I know my last post was abrupt and unexpected. Maybe, as Dan suggested, my leaving this blog will merely be a sabbatical, maybe through the holidays. Maybe until spring, in that glorious season of resurrection. Maybe forever. At this point, I just don't know. There's part of me that feels terribly lost right now, much of which, I realize, is related to the loss of our baby. And added to it all, I feel as if this blog gums things up for me sometimes with my writing, keeps me from being the writer I want to be, and the provider that I, right now, feel that I desperately need to be (how that all works out, or why that wound hurts so badly right now, I haven't the slightest).
Then again, all of that simply may be my confusion right now. It may merely be me, in my grief, digging up the shallow, marked graves of a lifetime of griefs and regrets and losses - of deaths. I need time to mourn all of it. And to rebury most of it.
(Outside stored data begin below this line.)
lemma exists_slow_reparametrization:
  fixes M \<delta> :: "real \<Rightarrow> real"
  assumes M: "continuous_on {0<..1} M" and \<delta>: "(\<delta> \<longlongrightarrow> 0) (at_right 0)"
  shows "\<exists>f. continuous_on {0<..1} f \<and> f ` {0<..1} \<subseteq> {0<..1} \<and> mono_on {0<..1} f \<and>
     (f \<longlongrightarrow> 0) (at_right 0) \<and> ((\<lambda>e. M e * \<delta> (f e)) \<longlongrightarrow> 0) (at_right 0)"
proof -
  obtain K where K_anti: "antimono_on {0<..1} K" and M_K: "\<And>e. e \<in> {0<..1} \<Longrightarrow> norm (M e) < K e"
    using continuous_on_antimono_majorant[OF M] by blast
  obtain r where r: "\<And>x. 0 < x \<Longrightarrow> r x \<in> {0<..1}"
    and r_mono: "\<And>x y. 0 < x \<Longrightarrow> x \<le> y \<Longrightarrow> r x \<le> r y"
    and r_\<delta>: "\<And>x t. 0 < x \<Longrightarrow> t \<in> {0<..r x} \<Longrightarrow> norm (\<delta> t) \<le> x"
    using tendsto_at_right_0_mono_radius[OF \<delta>] by blast
  have K_pos: "0 < K e" if "e \<in> {0<..1}" for e
    using M_K[OF that] norm_ge_zero[of "M e"] by linarith
  \<comment> \<open>\<open>f e \<le> r (e / K e)\<close> forces \<open>\<bar>\<delta> (f e)\<bar> \<le> e / K e\<close>, hence \<open>\<bar>M e * \<delta> (f e)\<bar> \<le> e\<close>\<close>
  define \<psi> where "\<psi> e = min (r (e / K e)) e" for e
  have \<psi>_mono: "mono_on {0<..1} \<psi>"
  proof (rule mono_onI)
    fix e e' :: real assume e: "e \<in> {0<..1}" and e': "e' \<in> {0<..1}" and "e \<le> e'"
    have "e / K e \<le> e' / K e'"
      using \<open>e \<le> e'\<close> monotone_onD[OF K_anti e e' \<open>e \<le> e'\<close>] K_pos[OF e] K_pos[OF e'] e
      by (simp add: frac_le)
    then show "\<psi> e \<le> \<psi> e'"
      using r_mono[of "e / K e"] K_pos[OF e] e \<open>e \<le> e'\<close>
      by (simp add: \<psi>_def min.coboundedI1 min.coboundedI2)
  qed
  have \<psi>_pos: "0 < \<psi> e" if "e \<in> {0<..1}" for e
    using r[of "e / K e"] K_pos[OF that] that by (simp add: \<psi>_def)
  obtain f where f_cont: "continuous_on {0<..1} f" and f_mono: "mono_on {0<..1} f"
    and f_\<psi>: "\<And>e. e \<in> {0<..1} \<Longrightarrow> 0 < f e \<and> f e \<le> \<psi> e"
    using continuous_mono_minorant[of \<psi>, OF \<psi>_pos \<psi>_mono] by blast
  have f_bounds: "0 < f e" "f e \<le> e" if "e \<in> {0<..1}" for e
    using f_\<psi>[OF that] by (simp_all add: \<psi>_def)
  have "(f \<longlongrightarrow> 0) (at_right 0)"
  proof (rule tendsto_sandwich[OF _ _ tendsto_const tendsto_ident_at])
    show "\<forall>\<^sub>F e in at_right 0. 0 \<le> f e"
      using eventually_at_right_0_unit_interval by eventually_elim (metis f_bounds(1) less_imp_le)
    show "\<forall>\<^sub>F e in at_right 0. f e \<le> e"
      using eventually_at_right_0_unit_interval by eventually_elim (rule f_bounds(2))
  qed
  moreover have "((\<lambda>e. M e * \<delta> (f e)) \<longlongrightarrow> 0) (at_right 0)"
  proof (rule Lim_null_comparison[OF _ tendsto_ident_at])
    show "\<forall>\<^sub>F e in at_right 0. norm (M e * \<delta> (f e)) \<le> e"
      using eventually_at_right_0_unit_interval
    proof (rule eventually_mono)
      fix e :: real assume e: "e \<in> {0<..1}"
      have "\<bar>\<delta> (f e)\<bar> \<le> e / K e"
        using r_\<delta>[of "e / K e" "f e"] f_\<psi>[OF e] K_pos[OF e] e by (simp add: \<psi>_def)
      then have "\<bar>M e\<bar> * \<bar>\<delta> (f e)\<bar> \<le> K e * (e / K e)"
        using M_K[OF e] by (intro mult_mono) auto
      then show "norm (M e * \<delta> (f e)) \<le> e"
        using K_pos[OF e] by (simp add: abs_mult)
    qed
  qed
  moreover have "f ` {0<..1} \<subseteq> {0<..1}"
    using f_bounds by force
  ultimately show ?thesis using f_cont f_mono by blast
qed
I appreciate your affection that spills over, so naturally, into prayer.
I will still be a reader and commenter on your blogs, for those of you who have them. And I may add things to my "Shared" list in the sidebar from time to time, or update pictures. But my writing, for now, will take place in other venues. And I hope productively so as I deal with everything that hinders me in that arena, the biggest obstacle being me.
2 comments:
I am hurting for you. The emptiness, the questions, the pain...to a degree I understand and empathize with where you are. I enjoy reading your blog, but my wishing you to continue is from my flesh and a selfish desire...It helps me feel connected to you and your family. Scott, you are a gifted writer, an incredible father, a cherished husband, and, to us, a faithful friend. Please do not allow Satan to feed you lies that are not TRUE! The enemy says it all and if you choose to believe it, it leaves a mortal wound that is slow - if ever - to heal. Trust me, I know. I was thinking today about how our culture has changed from keeping "locked diaries" to internet blogs for the world to read. There are some things we need to process and grieve without knowing the world is watching. I encourage you to write...it serves as a great outlet for you. How expressive you are from your heart! Write it just for yourself, share it with Laura, have an anonymous blog - whatever, but keep writing. I know it is something you love to do. I hope you never stop. Whenever you return...I'll look forward to reading. For now, I do pray you will keep in touch. Please know our door is always open with hugs waiting for everyone in your family! We do love you all! And, we mourn with you in the loss of your child. It will be a sweet reunion in heaven one day.
Wow, man - I take a break from the blogosphere and I miss everything. Praying for you and your family.